Problem description:
One number is all that is asked for: the number of lines below that hold the string "each".

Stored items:

══════════════════════════════

text \<open>A complex component whose vertex classes \<open>S1 \<subseteq> N1\<close>, \<open>S2 \<subseteq> N2\<close> have sizes \<open>a\<close> and
  \<open>b\<close> contains a spanning tree and two further edges, and no edge leaves it. Describing the
  tree by its root and its parent maps \<open>S1 \<rightarrow> S2\<close>, \<open>S2 \<rightarrow> S1\<close>, there are at most
  \<open>b^a a^b (a + b) (ab)\<^sup>2\<close> such witnesses, each present with probability
  \<open>p^(a+b+1) (1 - p)^(a(n2 - b) + b(n1 - a))\<close>. Summed over the choices of \<open>S1\<close> and \<open>S2\<close>,
  the expected number of complex components with parts of sizes \<open>a\<close>, \<open>b\<close> is at most
  \<open>(a + b) (ab)\<^sup>2 p e^(2pab)\<close>. Small balanced components have \<open>a \<le> \<beta>0 log\<^sup>2 n1\<close> and
  \<open>b \<le> 2pn2 a = O(a)\<close>, so each of the polylogarithmically many terms is \<open>polylog(n1)/n1\<close>.\<close>

section \<open>Probabilities of edge patterns\<close>

lemma set_pmf_Gbip_subset:
  assumes "E \<in> set_pmf (Gbip n1 n2 p)"
  shows "E \<subseteq> {..<n1} \<times> {..<n2}"
  using assms set_Pi_pmf_subset[of "{..<n1} \<times> {..<n2}" False "\<lambda>_. bernoulli_pmf p"]
  unfolding Gbip_def by auto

══════════════════════════════

Response to this exercise:
2